The Benchmark: Surprises Everywhere

Speed: Consistent ~25 tok/s

Across all tests, generation speed held steady:

Task	Tokens	Time	Speed
Simple Q&A	11	0.6s	19.8 tok/s
Go code generation	600	25.7s	23.4 tok/s
Chinese JSON extraction	500	18.5s	27.1 tok/s
Intent classification	9	0.4s	25.6 tok/s
Tool calling	34	1.3s	27.1 tok/s

Prompt processing was much faster: 120-850 tok/s depending on batch size.

Discovery #1: It's a Thinking Model

This was the biggest surprise. When I first ran the tests, responses appeared empty. After debugging the streaming output, I discovered Gemma 4 is a thinking model — like DeepSeek-R1 or o1.

For complex questions, the response looks like this:

{"message":{"role":"assistant","content":"","thinking":"Here's a thinking process..."}}
{"message":{"role":"assistant","content":"","thinking":" to arrive at..."}}
// ... many thinking tokens ...
{"message":{"role":"assistant","content":"The three main patterns are..."}}

The model spends tokens on chain-of-thought reasoning in the thinking field before producing the final answer in content.

The critical parameter: "think": false disables this behavior:

Task	think=true	think=false	Speedup
Classification	6.9s	0.9s	7.7x
JSON extraction	19.4s	4.3s	4.5x
Code generation	26.7s	13.3s	2x

For structured extraction and classification, think=false is essential. You get the same quality output without the reasoning overhead.

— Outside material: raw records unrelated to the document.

lemma coset_graph_adjacent_iff:
  "gadjacent (coset_graph G H M) u v \<longleftrightarrow> u \<noteq> v \<and> {u, v} \<in> end_pairs"
proof
  assume adj: "gadjacent (coset_graph G H M) u v"
  then obtain y where y: "y \<in> carrier G" "(u, M #> y) \<in> ginc (coset_graph G H M)"
      "(v, M #> y) \<in> ginc (coset_graph G H M)"
    unfolding gadjacent_def coset_graph_gedges by blast
  have "u \<noteq> v" using adj by (simp add: gadjacent_def)
  then have "ends y = {u, v}" using coset_graph_common_edge_iff[OF y(1)] y(2,3) by blast
  then show "u \<noteq> v \<and> {u, v} \<in> end_pairs"
    using \<open>u \<noteq> v\<close> y(1) unfolding end_pairs_def by blast
next
  assume uv: "u \<noteq> v \<and> {u, v} \<in> end_pairs"
  then obtain y where y: "y \<in> carrier G" "ends y = {u, v}" by (auto simp: end_pairs_def)
  then have "u \<in> gverts (coset_graph G H M)" "v \<in> gverts (coset_graph G H M)"
    using ends_subset_rcosets[OF y(1)] unfolding y(2) by (auto simp: gverts_def coset_graph_def)
  then show "gadjacent (coset_graph G H M) u v"
    using coset_graph_common_edge_iff[OF y(1)] uv y unfolding gadjacent_def coset_graph_gedges by blast
qed

lemma coset_graph_common_edges:
  assumes y0: "y0 \<in> carrier G" and uv: "u \<noteq> v" "ends y0 = {u, v}"
  shows "{e \<in> gedges (coset_graph G H M). (u, e) \<in> ginc (coset_graph G H M) \<and> (v, e) \<in> ginc (coset_graph G H M)}
    = (\<lambda>B. B #> y0) ` (rcosets\<^bsub>G\<lparr>carrier := stab\<rparr>\<^esub> M)"
    (is "?C = _")
proof -
  have MG: "M \<subseteq> carrier G" using subgroup.subset[OF M] .
  have "?C = {M #> y | y. y \<in> carrier G \<and> ends y = ends y0}"
    unfolding coset_graph_gedges uv(2) using coset_graph_common_edge_iff[OF _ uv(1)] by blast
  also have "\<dots> = {M #> (z \<otimes> y0) | z. z \<in> stab}"
  proof (intro equalityI subsetI)
    fix e assume "e \<in> {M #> y | y. y \<in> carrier G \<and> ends y = ends y0}"
    then obtain y where y: "y \<in> carrier G" "ends y = ends y0" "e = M #> y" by blast
    then have "y \<otimes> inv y0 \<in> stab" "e = M #> ((y \<otimes> inv y0) \<otimes> y0)"
      using ends_eq_iff[OF y0 y(1)] y0 by (simp_all add: m_assoc)
    then show "e \<in> {M #> (z \<otimes> y0) | z. z \<in> stab}" by blast
  next
    fix e assume "e \<in> {M #> (z \<otimes> y0) | z. z \<in> stab}"
    then obtain z where z: "z \<in> stab" "e = M #> (z \<otimes> y0)" by blast
    then have zc: "z \<in> carrier G" by (simp add: stab_def)
    then have "ends (z \<otimes> y0) = ends y0"
      using ends_eq_iff[OF y0 m_closed[OF zc y0]] z y0 by (simp add: m_assoc)
    then show "e \<in> {M #> y | y. y \<in> carrier G \<and> ends y = ends y0}"
      using z zc y0 by blast
  qed
  also have "\<dots> = (\<lambda>B. B #> y0) ` (rcosets\<^bsub>G\<lparr>carrier := stab\<rparr>\<^esub> M)"
    unfolding rcosets_restricted_carrier
    using coset_mult_assoc[OF MG _ y0] subgroup.mem_carrier[OF stab_subgroup] by blast
  finally show ?thesis .
qed
lemma second_derivative_symmetric:
  fixes \<phi> :: "'a::real_normed_vector \<Rightarrow> 'b::real_normed_vector"
  assumes U: "open U" "x \<in> U"
    and D: "\<And>y. y \<in> U \<Longrightarrow> (\<phi> has_derivative D y) (at y)"
    and Lu: "((\<lambda>y. D y u) has_derivative Lu) (at x)"
    and Lw: "((\<lambda>y. D y w) has_derivative Lw) (at x)"
  shows "Lu w = Lw u"
proof (rule ccontr)
  assume ne: "Lu w \<noteq> Lw u"
  define e where "e = norm (Lu w - Lw u) / 4"
  have e: "e > 0" using ne by (simp add: e_def)
  define \<Delta> where "\<Delta> s = \<phi> (x + s *\<^sub>R u + s *\<^sub>R w) - \<phi> (x + s *\<^sub>R u) - \<phi> (x + s *\<^sub>R w) + \<phi> x" for s
  have \<Delta>_swap: "\<phi> (x + s *\<^sub>R w + s *\<^sub>R u) - \<phi> (x + s *\<^sub>R w) - \<phi> (x + s *\<^sub>R u) + \<phi> x = \<Delta> s" for s
    by (simp add: \<Delta>_def add_ac)
  obtain s1 where "s1 > 0" and s1: "\<And>s. 0 < s \<Longrightarrow> s < s1 \<Longrightarrow> norm (\<Delta> s - (s * s) *\<^sub>R Lu w) \<le> e * s * s"
    using second_difference_approx[OF U D Lu e, of w] unfolding \<Delta>_def by blast
  obtain s2 where "s2 > 0" and s2: "\<And>s. 0 < s \<Longrightarrow> s < s2 \<Longrightarrow> norm (\<Delta> s - (s * s) *\<^sub>R Lw u) \<le> e * s * s"
    using second_difference_approx[OF U D Lw e, of u] unfolding \<Delta>_swap by blast
  define s where "s = min s1 s2 / 2"
  have s: "0 < s" "s < s1" "s < s2" using \<open>s1 > 0\<close> \<open>s2 > 0\<close> by (auto simp: s_def)
  have "(s * s) * norm (Lu w - Lw u) = norm ((\<Delta> s - (s * s) *\<^sub>R Lw u) - (\<Delta> s - (s * s) *\<^sub>R Lu w))"
    using s by (simp add: algebra_simps flip: scaleR_diff_right)
  also have "\<dots> \<le> (s * s) * (2 * e)"
    using order.trans[OF norm_triangle_ineq4 add_mono[OF s2[OF s(1,3)] s1[OF s(1,2)]]]
    by (simp add: algebra_simps)
  finally have "norm (Lu w - Lw u) \<le> 2 * e" using s by simp
  then show False using e by (simp add: e_def)
qed

lemma has_derivative_eq_0_if_locally_constant:
  assumes "open U" "x \<in> U" "\<And>y. y \<in> U \<Longrightarrow> f y = c" "(f has_derivative f') (at x)"
  shows "f' h = 0"
proof -
  have "((\<lambda>y. c) has_derivative f') (at x)"
    by (rule has_derivative_transform_within_open[OF assms(4) assms(1,2)]) (use assms(3) in simp)
  then have "f' = (\<lambda>_. 0)" using has_derivative_unique has_derivative_const by blast
  then show ?thesis by simp
qed

lemma hom_deg_has_derivative:
  fixes f :: "'a::real_normed_vector \<Rightarrow> 'n::finite endo"
  assumes "open U" "x \<in> U" "\<And>y. y \<in> U \<Longrightarrow> hom_deg N k (f y)" "(f has_derivative f') (at x)"
  shows "hom_deg N k (f' h)"
  unfolding hom_deg_def
proof (intro allI impI)
  fix i j assume ne: "f' h $ i $ j \<noteq> 0"
  have entry: "((\<lambda>y. f y $ i $ j) has_derivative (\<lambda>h. f' h $ i $ j)) (at x)"
    using bounded_linear.has_derivative[OF bounded_linear_vec_nth
        bounded_linear.has_derivative[OF bounded_linear_vec_nth assms(4)]] .
  show "N i = N j + k"
  proof (rule ccontr)
    assume "N i \<noteq> N j + k"
    then have "\<And>y. y \<in> U \<Longrightarrow> f y $ i $ j = 0" using assms(3) unfolding hom_deg_def by blast
    then show False using has_derivative_eq_0_if_locally_constant[OF assms(1,2) _ entry] ne by blast
  qed
qed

Discovery #2: Ollama API Quirks

Two gotchas that cost me an hour of debugging:

/api/generate is broken for Gemma 4 — the response field is always empty (tokens are generated but not decoded to text). You must use /api/chat instead.
Tool calling needs num_predict >= 2048 — with smaller budgets, thinking tokens consume the entire allocation and tool calls never emit. With enough headroom, the model is smart enough to skip thinking and call tools directly (34 tokens, 1.3s).

Discovery #3: Tool Calling is Excellent

Given this tool definition:

{
  "name": "search_contracts",
  "parameters": {
    "query": {"type": "string"},
    "min_budget": {"type": "number"},
    "category": {"type": "string", "enum": ["IT","construction","services"]}
  }
}

And the prompt: "Find IT contracts over 5M CNY"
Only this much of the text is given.